● To do:
All lines in the material below that contain "sigma" should be located and copied.
-.-.-
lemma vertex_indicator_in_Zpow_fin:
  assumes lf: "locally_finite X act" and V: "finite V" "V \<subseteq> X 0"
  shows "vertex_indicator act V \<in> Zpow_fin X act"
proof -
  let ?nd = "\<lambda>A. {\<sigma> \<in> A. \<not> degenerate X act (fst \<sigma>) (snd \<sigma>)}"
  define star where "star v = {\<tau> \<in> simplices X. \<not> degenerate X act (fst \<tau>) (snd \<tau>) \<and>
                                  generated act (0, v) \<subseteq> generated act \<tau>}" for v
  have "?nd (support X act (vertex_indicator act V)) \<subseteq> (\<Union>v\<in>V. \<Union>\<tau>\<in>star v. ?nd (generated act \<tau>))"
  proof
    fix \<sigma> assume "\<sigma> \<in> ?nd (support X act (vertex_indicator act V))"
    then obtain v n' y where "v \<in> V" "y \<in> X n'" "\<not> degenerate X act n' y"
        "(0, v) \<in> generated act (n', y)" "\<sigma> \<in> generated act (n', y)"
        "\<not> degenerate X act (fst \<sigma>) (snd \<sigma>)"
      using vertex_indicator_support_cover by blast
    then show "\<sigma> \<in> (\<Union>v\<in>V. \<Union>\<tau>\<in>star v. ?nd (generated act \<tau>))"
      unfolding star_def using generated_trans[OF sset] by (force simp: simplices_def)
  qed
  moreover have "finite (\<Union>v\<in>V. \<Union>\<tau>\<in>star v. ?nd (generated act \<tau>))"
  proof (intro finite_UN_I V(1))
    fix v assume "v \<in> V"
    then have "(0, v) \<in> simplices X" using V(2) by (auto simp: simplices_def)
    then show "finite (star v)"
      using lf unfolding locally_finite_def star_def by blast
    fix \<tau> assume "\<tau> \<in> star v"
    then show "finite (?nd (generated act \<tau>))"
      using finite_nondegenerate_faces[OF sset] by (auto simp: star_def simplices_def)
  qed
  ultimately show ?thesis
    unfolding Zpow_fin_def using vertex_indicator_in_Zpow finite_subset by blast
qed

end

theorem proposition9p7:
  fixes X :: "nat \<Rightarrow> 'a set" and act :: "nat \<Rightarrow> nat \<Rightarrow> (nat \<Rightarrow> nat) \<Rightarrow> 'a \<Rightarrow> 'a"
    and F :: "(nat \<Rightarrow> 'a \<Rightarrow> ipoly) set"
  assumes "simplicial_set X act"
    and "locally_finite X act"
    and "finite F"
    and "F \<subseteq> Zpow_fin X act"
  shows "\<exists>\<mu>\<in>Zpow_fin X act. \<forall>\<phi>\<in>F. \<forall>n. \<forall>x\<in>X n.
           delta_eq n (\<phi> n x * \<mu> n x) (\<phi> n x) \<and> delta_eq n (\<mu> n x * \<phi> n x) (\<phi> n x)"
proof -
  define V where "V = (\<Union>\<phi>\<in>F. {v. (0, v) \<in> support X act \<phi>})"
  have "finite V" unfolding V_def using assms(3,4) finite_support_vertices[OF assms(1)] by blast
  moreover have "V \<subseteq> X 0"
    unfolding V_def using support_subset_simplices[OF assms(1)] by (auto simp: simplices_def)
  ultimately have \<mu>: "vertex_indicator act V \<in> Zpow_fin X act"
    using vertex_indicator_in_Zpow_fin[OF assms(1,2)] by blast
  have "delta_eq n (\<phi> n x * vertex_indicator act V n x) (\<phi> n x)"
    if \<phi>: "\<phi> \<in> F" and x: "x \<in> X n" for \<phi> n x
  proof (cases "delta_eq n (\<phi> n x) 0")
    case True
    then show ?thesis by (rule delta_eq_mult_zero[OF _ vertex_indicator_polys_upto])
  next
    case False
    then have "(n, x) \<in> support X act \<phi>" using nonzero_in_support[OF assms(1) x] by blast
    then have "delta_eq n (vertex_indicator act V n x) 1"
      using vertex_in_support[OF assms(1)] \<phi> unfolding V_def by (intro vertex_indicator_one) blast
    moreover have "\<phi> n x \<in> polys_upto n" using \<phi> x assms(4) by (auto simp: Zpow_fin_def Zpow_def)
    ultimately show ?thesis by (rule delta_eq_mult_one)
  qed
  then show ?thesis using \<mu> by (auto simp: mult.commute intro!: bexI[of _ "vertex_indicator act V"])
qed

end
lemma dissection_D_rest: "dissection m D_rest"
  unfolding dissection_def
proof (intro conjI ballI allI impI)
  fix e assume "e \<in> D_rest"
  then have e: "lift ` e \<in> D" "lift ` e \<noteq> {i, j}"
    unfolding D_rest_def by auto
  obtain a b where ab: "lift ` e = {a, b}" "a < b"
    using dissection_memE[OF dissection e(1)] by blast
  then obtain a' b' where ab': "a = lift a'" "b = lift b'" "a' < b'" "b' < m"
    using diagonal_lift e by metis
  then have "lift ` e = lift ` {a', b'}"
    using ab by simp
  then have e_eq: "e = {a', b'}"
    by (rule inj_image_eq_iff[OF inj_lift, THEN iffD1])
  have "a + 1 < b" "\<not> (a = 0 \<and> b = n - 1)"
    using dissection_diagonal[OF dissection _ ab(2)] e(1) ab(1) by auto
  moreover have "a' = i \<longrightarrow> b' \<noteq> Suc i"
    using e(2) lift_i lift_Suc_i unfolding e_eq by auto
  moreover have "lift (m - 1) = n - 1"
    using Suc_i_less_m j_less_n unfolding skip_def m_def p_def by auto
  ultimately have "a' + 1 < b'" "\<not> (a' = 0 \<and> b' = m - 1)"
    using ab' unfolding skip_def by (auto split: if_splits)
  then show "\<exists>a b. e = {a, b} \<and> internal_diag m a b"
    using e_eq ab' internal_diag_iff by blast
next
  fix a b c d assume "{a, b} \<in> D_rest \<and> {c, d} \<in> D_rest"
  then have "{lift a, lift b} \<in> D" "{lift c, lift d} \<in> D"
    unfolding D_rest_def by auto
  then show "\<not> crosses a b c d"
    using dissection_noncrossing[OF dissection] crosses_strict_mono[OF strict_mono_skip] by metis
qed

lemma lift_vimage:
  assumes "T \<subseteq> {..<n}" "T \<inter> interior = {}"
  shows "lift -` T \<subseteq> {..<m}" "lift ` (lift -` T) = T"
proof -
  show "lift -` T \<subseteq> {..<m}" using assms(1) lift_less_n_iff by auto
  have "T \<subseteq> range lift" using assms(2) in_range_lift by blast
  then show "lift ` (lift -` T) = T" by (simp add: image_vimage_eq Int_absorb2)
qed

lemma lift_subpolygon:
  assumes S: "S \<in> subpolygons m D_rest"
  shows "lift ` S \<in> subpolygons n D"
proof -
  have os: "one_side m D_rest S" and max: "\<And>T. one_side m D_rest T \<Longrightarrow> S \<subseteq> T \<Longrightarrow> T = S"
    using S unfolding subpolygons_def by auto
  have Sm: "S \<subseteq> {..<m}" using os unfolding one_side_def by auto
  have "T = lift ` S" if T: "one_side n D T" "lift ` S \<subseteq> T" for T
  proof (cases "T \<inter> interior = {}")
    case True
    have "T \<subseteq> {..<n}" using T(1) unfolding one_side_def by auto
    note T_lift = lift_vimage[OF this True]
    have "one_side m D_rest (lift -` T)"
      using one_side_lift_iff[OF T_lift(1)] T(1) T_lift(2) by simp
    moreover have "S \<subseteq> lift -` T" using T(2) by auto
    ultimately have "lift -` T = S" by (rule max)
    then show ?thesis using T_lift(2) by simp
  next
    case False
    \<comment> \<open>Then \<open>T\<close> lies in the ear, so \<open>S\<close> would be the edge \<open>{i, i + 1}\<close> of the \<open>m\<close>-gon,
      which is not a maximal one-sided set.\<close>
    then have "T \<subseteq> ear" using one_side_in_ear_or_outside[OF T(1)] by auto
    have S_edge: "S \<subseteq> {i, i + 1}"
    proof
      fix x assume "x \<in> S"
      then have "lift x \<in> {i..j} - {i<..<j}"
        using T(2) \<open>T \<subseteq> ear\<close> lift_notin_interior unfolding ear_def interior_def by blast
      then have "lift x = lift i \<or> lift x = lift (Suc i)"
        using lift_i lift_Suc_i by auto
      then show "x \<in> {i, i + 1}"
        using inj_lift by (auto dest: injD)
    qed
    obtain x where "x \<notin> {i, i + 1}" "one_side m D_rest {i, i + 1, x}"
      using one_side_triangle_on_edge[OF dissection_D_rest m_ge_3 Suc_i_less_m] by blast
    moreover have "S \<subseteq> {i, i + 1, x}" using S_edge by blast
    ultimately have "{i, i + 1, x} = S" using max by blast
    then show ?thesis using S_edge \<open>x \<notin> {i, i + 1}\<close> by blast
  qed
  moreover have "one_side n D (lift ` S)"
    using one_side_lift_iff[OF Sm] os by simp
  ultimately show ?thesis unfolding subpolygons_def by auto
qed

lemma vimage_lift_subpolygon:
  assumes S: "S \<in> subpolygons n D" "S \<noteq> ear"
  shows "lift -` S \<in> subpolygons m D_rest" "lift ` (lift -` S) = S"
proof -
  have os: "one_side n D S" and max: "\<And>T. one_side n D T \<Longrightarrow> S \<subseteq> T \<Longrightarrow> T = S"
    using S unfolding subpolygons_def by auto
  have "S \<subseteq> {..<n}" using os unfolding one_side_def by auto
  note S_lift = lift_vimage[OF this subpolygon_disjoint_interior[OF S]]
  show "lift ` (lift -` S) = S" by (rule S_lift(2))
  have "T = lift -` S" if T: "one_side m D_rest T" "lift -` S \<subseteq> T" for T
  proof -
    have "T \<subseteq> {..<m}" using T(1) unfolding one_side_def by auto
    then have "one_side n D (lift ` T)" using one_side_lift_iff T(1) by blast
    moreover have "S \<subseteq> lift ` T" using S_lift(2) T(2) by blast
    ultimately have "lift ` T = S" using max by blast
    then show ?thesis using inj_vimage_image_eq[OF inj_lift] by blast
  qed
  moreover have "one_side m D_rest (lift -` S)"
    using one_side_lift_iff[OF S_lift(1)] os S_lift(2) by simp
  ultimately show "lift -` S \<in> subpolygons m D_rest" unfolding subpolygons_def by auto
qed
-.-.-
● Result:
  let ?nd = "\<lambda>A. {\<sigma> \<in> A. \<not> degenerate X act (fst \<sigma>) (snd \<sigma>)}"
    fix \<sigma> assume "\<sigma> \<in> ?nd (support X act (vertex_indicator act V))"
        "(0, v) \<in> generated act (n', y)" "\<sigma> \<in> generated act (n', y)"
        "\<not> degenerate X act (fst \<sigma>) (snd \<sigma>)"
    then show "\<sigma> \<in> (\<Union>v\<in>V. \<Union>\<tau>\<in>star v. ?nd (generated act \<tau>))"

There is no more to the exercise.